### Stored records
#####
(* Let $\sigma$ be a signature and let $\mathcal K$ be a nonempty class of causal teams over $\sigma$ (respectively, a nonempty class of generalized causal teams over $\sigma$). Then there is a $\mathcal{CO}[\sigma]$-formula $\varphi$ with $\mathcal K=\{T \text{ over } \sigma : T\models\varphi\}$ (satisfaction $\models^c$, respectively $\models^g$) if and only if $\mathcal K$ is flat and closed under equivalence.
   Context: A signature $\sigma=(\mathrm{Dom},\mathrm{Ran})$: $\mathrm{Dom}$ is a nonempty finite set of variables and each $X\in\mathrm{Dom}$ has a nonempty finite range $\mathrm{Ran}(X)$. For a sequence $\mathbf X=\langle X_1,\dots,X_n\rangle$, $\mathrm{Ran}(\mathbf X)=\mathrm{Ran}(X_1)\times\dots\times\mathrm{Ran}(X_n)$; for $\mathbf x\in\mathrm{Ran}(\mathbf X)$, $\mathbf X=\mathbf x$ abbreviates $X_1=x_1\wedge\dots\wedge X_n=x_n$; it is inconsistent if it contains conjuncts $X=x$, $X=x'$ with $x\neq x'$, consistent otherwise. $\mathcal{CO}[\sigma]$-formulas: $\alpha::=X=x\mid\neg\alpha\mid\alpha\wedge\alpha\mid\alpha\vee\alpha\mid\mathbf X=\mathbf x\;\Box\!\!\rightarrow\alpha$ (with $x\in\mathrm{Ran}(X)$, $\mathbf x\in\mathrm{Ran}(\mathbf X)$). An assignment is a map $s$ on $\mathrm{Dom}$ with $s(X)\in\mathrm{Ran}(X)$; $\mathbb A_\sigma$ is the set of assignments. A system of functions $\mathcal F$ assigns to each $V$ in a set $\mathrm{En}(\mathcal F)\subseteq\mathrm{Dom}$ a set $PA^{\mathcal F}_V\subseteq\mathrm{Dom}\setminus\{V\}$ and a function $\mathcal F_V:\mathrm{Ran}(PA^{\mathcal F}_V)\to\mathrm{Ran}(V)$; $\mathrm{Ex}(\mathcal F)=\mathrm{Dom}\setminus\mathrm{En}(\mathcal F)$. Only recursive systems (the graph with edges $X\to Y$ iff $X\in PA^{\mathcal F}_Y$ is acyclic) are considered; $\mathbb F_\sigma$ is the finite set of them. $s$ is compatible with $\mathcal F$ if $s(V)=\mathcal F_V(s(PA^{\mathcal F}_V))$ for all $V\in\mathrm{En}(\mathcal F)$; $\mathbb S_\sigma$ is the set of pairs $(s,\mathcal F)\in\mathbb A_\sigma\times\mathbb F_\sigma$ with $s$ compatible with $\mathcal F$. For consistent $\mathbf X=\mathbf x$: $\mathcal F_{\mathbf X=\mathbf x}$ is the restriction of $\mathcal F$ to $\mathrm{En}(\mathcal F)\setminus\mathbf X$, and $s^{\mathcal F}_{\mathbf X=\mathbf x}$ is defined recursively by $X_i\mapsto x_i$, $V\mapsto s(V)$ for $V\in\mathrm{Ex}(\mathcal F)\setminus\mathbf X$, $V\mapsto\mathcal F_V(s^{\mathcal F}_{\mathbf X=\mathbf x}(PA^{\mathcal F}_V))$ for $V\in\mathrm{En}(\mathcal F)\setminus\mathbf X$. A causal team is $T=(T^-,\mathcal F)$ with $\mathcal F\in\mathbb F_\sigma$ and $T^-\subseteq\mathbb A_\sigma$ consisting of assignments compatible with $\mathcal F$; all causal teams with empty team component are identified as the empty causal team $\emptyset$. $(S^-,\mathcal G)$ is a causal subteam of $(T^-,\mathcal F)$ if $S^-\subseteq T^-$ and $\mathcal G=\mathcal F$ ($\emptyset$ is a causal subteam of every causal team). $T_{\mathbf X=\mathbf x}=(\{s^{\mathcal F}_{\mathbf X=\mathbf x}:s\in T^-\},\mathcal F_{\mathbf X=\mathbf x})$. Satisfaction $\models^c$: $T\models X=x$ iff $s(X)=x$ for all $s\in T^-$; $T\models\neg\alpha$ iff $(\{s\},\mathcal F)\not\models\alpha$ for all $s\in T^-$; $\wedge$ as usual; $T\models\varphi\vee\psi$ iff there are causal subteams $T_1,T_2$ of $T$ with $T_1^-\cup T_2^-=T^-$, $T_1\models\varphi$, $T_2\models\psi$; $T\models\mathbf X=\mathbf x\;\Box\!\!\rightarrow\varphi$ iff $\mathbf X=\mathbf x$ is inconsistent or $T_{\mathbf X=\mathbf x}\models\varphi$. A generalized causal team is a set $T\subseteq\mathbb S_\sigma$; $T^-=\{s:(s,\mathcal F)\in T\text{ for some }\mathcal F\}$; causal subteams are subsets, unions are set unions; $T_{\mathbf X=\mathbf x}=\{(s^{\mathcal F}_{\mathbf X=\mathbf x},\mathcal F_{\mathbf X=\mathbf x}):(s,\mathcal F)\in T\}$. Satisfaction $\models^g$ has the same clauses except $T\models\neg\alpha$ iff $\{(s,\mathcal F)\}\not\models\alpha$ for all $(s,\mathcal F)\in T$, and $T\models\varphi\vee\psi$ iff $T=T_1\cup T_2$ with $T_1\models\varphi$, $T_2\models\psi$. Equivalence: $\mathrm{Cn}(\mathcal F)$ is the set of $V\in\mathrm{En}(\mathcal F)$ with $\mathcal F_V$ constant. $\mathcal F_V\sim\mathcal G_V$ means $\mathcal F_V(\mathbf x\mathbf y)=\mathcal G_V(\mathbf x\mathbf z)$ for all $\mathbf x\in\mathrm{Ran}(PA^{\mathcal F}_V\cap PA^{\mathcal G}_V)$, $\mathbf y\in\mathrm{Ran}(PA^{\mathcal F}_V\setminus PA^{\mathcal G}_V)$, $\mathbf z\in\mathrm{Ran}(PA^{\mathcal G}_V\setminus PA^{\mathcal F}_V)$. $\mathcal F\sim\mathcal G$ iff $\mathrm{En}(\mathcal F)\setminus\mathrm{Cn}(\mathcal F)=\mathrm{En}(\mathcal G)\setminus\mathrm{Cn}(\mathcal G)$ and $\mathcal F_V\sim\mathcal G_V$ for all $V$ in this set. Nonempty causal teams $(T^-,\mathcal F),(S^-,\mathcal G)$ are equivalent ($\approx$) iff $\mathcal F\sim\mathcal G$ and $T^-=S^-$. For a generalized causal team $T$, $T^{\mathcal F}=\{(s,\mathcal G)\in T:\mathcal G\sim\mathcal F\}$; generalized causal teams $S,T$ are equivalent iff $(S^{\mathcal F})^-=(T^{\mathcal F})^-$ for all $\mathcal F\in\mathbb F_\sigma$. A class $\mathcal K$ is closed under equivalence if $T\in\mathcal K$ and $T\approx S$ imply $S\in\mathcal K$. It is flat if: for causal teams, $(T^-,\mathcal F)\in\mathcal K$ iff $(\{s\},\mathcal F)\in\mathcal K$ for all $s\in T^-$; for generalized causal teams, $T\in\mathcal K$ iff $\{(s,\mathcal F)\}\in\mathcal K$ for all $(s,\mathcal F)\in T$. *)

theory Defs
  imports Main "HOL-Library.FuncSet"
begin

record ('v, 'a) signature =
  Dom :: "'v set"
  Rng :: "'v \<Rightarrow> 'a set"

definition wf_sig :: "('v, 'a) signature \<Rightarrow> bool" where
  "wf_sig \<sigma> \<longleftrightarrow> finite (Dom \<sigma>) \<and> Dom \<sigma> \<noteq> {} \<and>
     (\<forall>X\<in>Dom \<sigma>. finite (Rng \<sigma> X) \<and> Rng \<sigma> X \<noteq> {})"

definition assignments :: "('v, 'a) signature \<Rightarrow> ('v \<Rightarrow> 'a) set" where
  "assignments \<sigma> = PiE (Dom \<sigma>) (Rng \<sigma>)"

text \<open>F_V : Ran(PA_V) \<rightarrow> Ran(V) is represented by a function on extensional
  functions with domain PA_V (canonically undefined outside Ran(PA_V)).
  Outside En the components are canonically empty/undefined.\<close>
record ('v, 'a) sysf =
  En :: "'v set"
  PA :: "'v \<Rightarrow> 'v set"
  Fn :: "'v \<Rightarrow> ('v \<Rightarrow> 'a) \<Rightarrow> 'a"

definition graph_edges :: "('v, 'a) sysf \<Rightarrow> ('v \<times> 'v) set" where
  "graph_edges F = {(X, Y). Y \<in> En F \<and> X \<in> PA F Y}"

definition is_sys :: "('v, 'a) signature \<Rightarrow> ('v, 'a) sysf \<Rightarrow> bool" where
  "is_sys \<sigma> F \<longleftrightarrow>
     En F \<subseteq> Dom \<sigma> \<and>
     (\<forall>V\<in>En F. PA F V \<subseteq> Dom \<sigma> - {V} \<and>
        Fn F V \<in> PiE (PiE (PA F V) (Rng \<sigma>)) (\<lambda>_. Rng \<sigma> V)) \<and>
     (\<forall>V. V \<notin> En F \<longrightarrow> PA F V = {} \<and> Fn F V = (\<lambda>_. undefined)) \<and>
     acyclic (graph_edges F)"

definition systems :: "('v, 'a) signature \<Rightarrow> ('v, 'a) sysf set" where
  "systems \<sigma> = {F. is_sys \<sigma> F}"

definition compatible :: "('v \<Rightarrow> 'a) \<Rightarrow> ('v, 'a) sysf \<Rightarrow> bool" where
  "compatible s F \<longleftrightarrow> (\<forall>V\<in>En F. s V = Fn F V (restrict s (PA F V)))"

definition empty_sys :: "('v, 'a) sysf" where
  "empty_sys = \<lparr>En = {}, PA = (\<lambda>_. {}), Fn = (\<lambda>_ _. undefined)\<rparr>"

text \<open>An intervention X = x is a list of (variable, value) pairs.\<close>
definition consistent :: "('v \<times> 'a) list \<Rightarrow> bool" where
  "consistent xs \<longleftrightarrow> (\<forall>(X, x)\<in>set xs. \<forall>(Y, y)\<in>set xs. X = Y \<longrightarrow> x = y)"

definition ivars :: "('v \<times> 'a) list \<Rightarrow> 'v set" where
  "ivars xs = fst ` set xs"

definition restr_sys :: "('v, 'a) sysf \<Rightarrow> ('v \<times> 'a) list \<Rightarrow> ('v, 'a) sysf" where
  "restr_sys F xs =
     \<lparr>En = En F - ivars xs,
      PA = (\<lambda>V. if V \<in> En F - ivars xs then PA F V else {}),
      Fn = (\<lambda>V. if V \<in> En F - ivars xs then Fn F V else (\<lambda>_. undefined))\<rparr>"

text \<open>The intervened assignment s^F_{X=x}, defined as the unique assignment
  satisfying the recursive clauses (unique since F is recursive).\<close>
definition interv :: "('v, 'a) sysf \<Rightarrow> ('v \<times> 'a) list \<Rightarrow> ('v \<Rightarrow> 'a) \<Rightarrow> ('v \<Rightarrow> 'a)" where
  "interv F xs s = (THE t.
      (\<forall>(X, x)\<in>set xs. t X = x) \<and>
      (\<forall>V. V \<notin> En F \<and> V \<notin> ivars xs \<longrightarrow> t V = s V) \<and>
      (\<forall>V\<in>En F. V \<notin> ivars xs \<longrightarrow> t V = Fn F V (restrict t (PA F V))))"

datatype ('v, 'a) CO =
    Eq 'v 'a
  | Neg "('v, 'a) CO"
  | Conj "('v, 'a) CO" "('v, 'a) CO"
  | Disj "('v, 'a) CO" "('v, 'a) CO"
  | Cf "('v \<times> 'a) list" "('v, 'a) CO"

fun wf_form :: "('v, 'a) signature \<Rightarrow> ('v, 'a) CO \<Rightarrow> bool" where
  "wf_form \<sigma> (Eq X x) \<longleftrightarrow> X \<in> Dom \<sigma> \<and> x \<in> Rng \<sigma> X"
| "wf_form \<sigma> (Neg a) \<longleftrightarrow> wf_form \<sigma> a"
| "wf_form \<sigma> (Conj a b) \<longleftrightarrow> wf_form \<sigma> a \<and> wf_form \<sigma> b"
| "wf_form \<sigma> (Disj a b) \<longleftrightarrow> wf_form \<sigma> a \<and> wf_form \<sigma> b"
| "wf_form \<sigma> (Cf xs a) \<longleftrightarrow> xs \<noteq> [] \<and>
     (\<forall>(X, x)\<in>set xs. X \<in> Dom \<sigma> \<and> x \<in> Rng \<sigma> X) \<and> wf_form \<sigma> a"

type_synonym ('v, 'a) cteam = "('v \<Rightarrow> 'a) set \<times> ('v, 'a) sysf"

text \<open>All causal teams with empty team component are identified with the
  canonical empty causal team ({}, empty_sys).\<close>
definition cteams :: "('v, 'a) signature \<Rightarrow> ('v, 'a) cteam set" where
  "cteams \<sigma> = {(T, F). F \<in> systems \<sigma> \<and> T \<subseteq> assignments \<sigma> \<and>
                 (\<forall>s\<in>T. compatible s F) \<and> (T = {} \<longrightarrow> F = empty_sys)}"

definition norm_ct :: "('v \<Rightarrow> 'a) set \<Rightarrow> ('v, 'a) sysf \<Rightarrow> ('v, 'a) cteam" where
  "norm_ct T F = (if T = {} then ({}, empty_sys) else (T, F))"

definition csubteam :: "('v, 'a) cteam \<Rightarrow> ('v, 'a) cteam \<Rightarrow> bool" where
  "csubteam S T \<longleftrightarrow> fst S \<subseteq> fst T \<and> (snd S = snd T \<or> fst S = {})"

definition cinterv :: "('v, 'a) cteam \<Rightarrow> ('v \<times> 'a) list \<Rightarrow> ('v, 'a) cteam" where
  "cinterv T xs = norm_ct (interv (snd T) xs ` fst T) (restr_sys (snd T) xs)"

fun sat_c :: "('v, 'a) cteam \<Rightarrow> ('v, 'a) CO \<Rightarrow> bool" where
  "sat_c T (Eq X x) \<longleftrightarrow> (\<forall>s\<in>fst T. s X = x)"
| "sat_c T (Neg a) \<longleftrightarrow> (\<forall>s\<in>fst T. \<not> sat_c ({s}, snd T) a)"
| "sat_c T (Conj a b) \<longleftrightarrow> sat_c T a \<and> sat_c T b"
| "sat_c T (Disj a b) \<longleftrightarrow> (\<exists>T1 T2. csubteam T1 T \<and> csubteam T2 T \<and>
      fst T1 \<union> fst T2 = fst T \<and> sat_c T1 a \<and> sat_c T2 b)"
| "sat_c T (Cf xs a) \<longleftrightarrow> \<not> consistent xs \<or> sat_c (cinterv T xs) a"

type_synonym ('v, 'a) gteam = "(('v \<Rightarrow> 'a) \<times> ('v, 'a) sysf) set"

definition Sset :: "('v, 'a) signature \<Rightarrow> (('v \<Rightarrow> 'a) \<times> ('v, 'a) sysf) set" where
  "Sset \<sigma> = {(s, F). s \<in> assignments \<sigma> \<and> F \<in> systems \<sigma> \<and> compatible s F}"

definition gteams :: "('v, 'a) signature \<Rightarrow> ('v, 'a) gteam set" where
  "gteams \<sigma> = Pow (Sset \<sigma>)"

definition ginterv :: "('v, 'a) gteam \<Rightarrow> ('v \<times> 'a) list \<Rightarrow> ('v, 'a) gteam" where
  "ginterv T xs = (\<lambda>(s, F). (interv F xs s, restr_sys F xs)) ` T"

fun sat_g :: "('v, 'a) gteam \<Rightarrow> ('v, 'a) CO \<Rightarrow> bool" where
  "sat_g T (Eq X x) \<longleftrightarrow> (\<forall>(s, F)\<in>T. s X = x)"
| "sat_g T (Neg a) \<longleftrightarrow> (\<forall>p\<in>T. \<not> sat_g {p} a)"
| "sat_g T (Conj a b) \<longleftrightarrow> sat_g T a \<and> sat_g T b"
| "sat_g T (Disj a b) \<longleftrightarrow> (\<exists>T1 T2. T = T1 \<union> T2 \<and> sat_g T1 a \<and> sat_g T2 b)"
| "sat_g T (Cf xs a) \<longleftrightarrow> \<not> consistent xs \<or> sat_g (ginterv T xs) a"

definition Cn :: "('v, 'a) signature \<Rightarrow> ('v, 'a) sysf \<Rightarrow> 'v set" where
  "Cn \<sigma> F = {V\<in>En F. \<exists>c. \<forall>g\<in>PiE (PA F V) (Rng \<sigma>). Fn F V g = c}"

text \<open>F_V ~ G_V: a choice of x, y, z as in the paper is the same as a single
  assignment g to PA_F(V) \<union> PA_G(V).\<close>
definition fun_sim :: "('v, 'a) signature \<Rightarrow> ('v, 'a) sysf \<Rightarrow> ('v, 'a) sysf \<Rightarrow> 'v \<Rightarrow> bool" where
  "fun_sim \<sigma> F G V \<longleftrightarrow>
     (\<forall>g\<in>PiE (PA F V \<union> PA G V) (Rng \<sigma>).
        Fn F V (restrict g (PA F V)) = Fn G V (restrict g (PA G V)))"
#####
### Work instructions
Search the records above for "csubteam" and copy every line that has it.

### Your solution
definition csubteam :: "('v, 'a) cteam \<Rightarrow> ('v, 'a) cteam \<Rightarrow> bool" where
  "csubteam S T \<longleftrightarrow> fst S \<subseteq> fst T \<and> (snd S = snd T \<or> fst S = {})"
| "sat_c T (Disj a b) \<longleftrightarrow> (\<exists>T1 T2. csubteam T1 T \<and> csubteam T2 T \<and>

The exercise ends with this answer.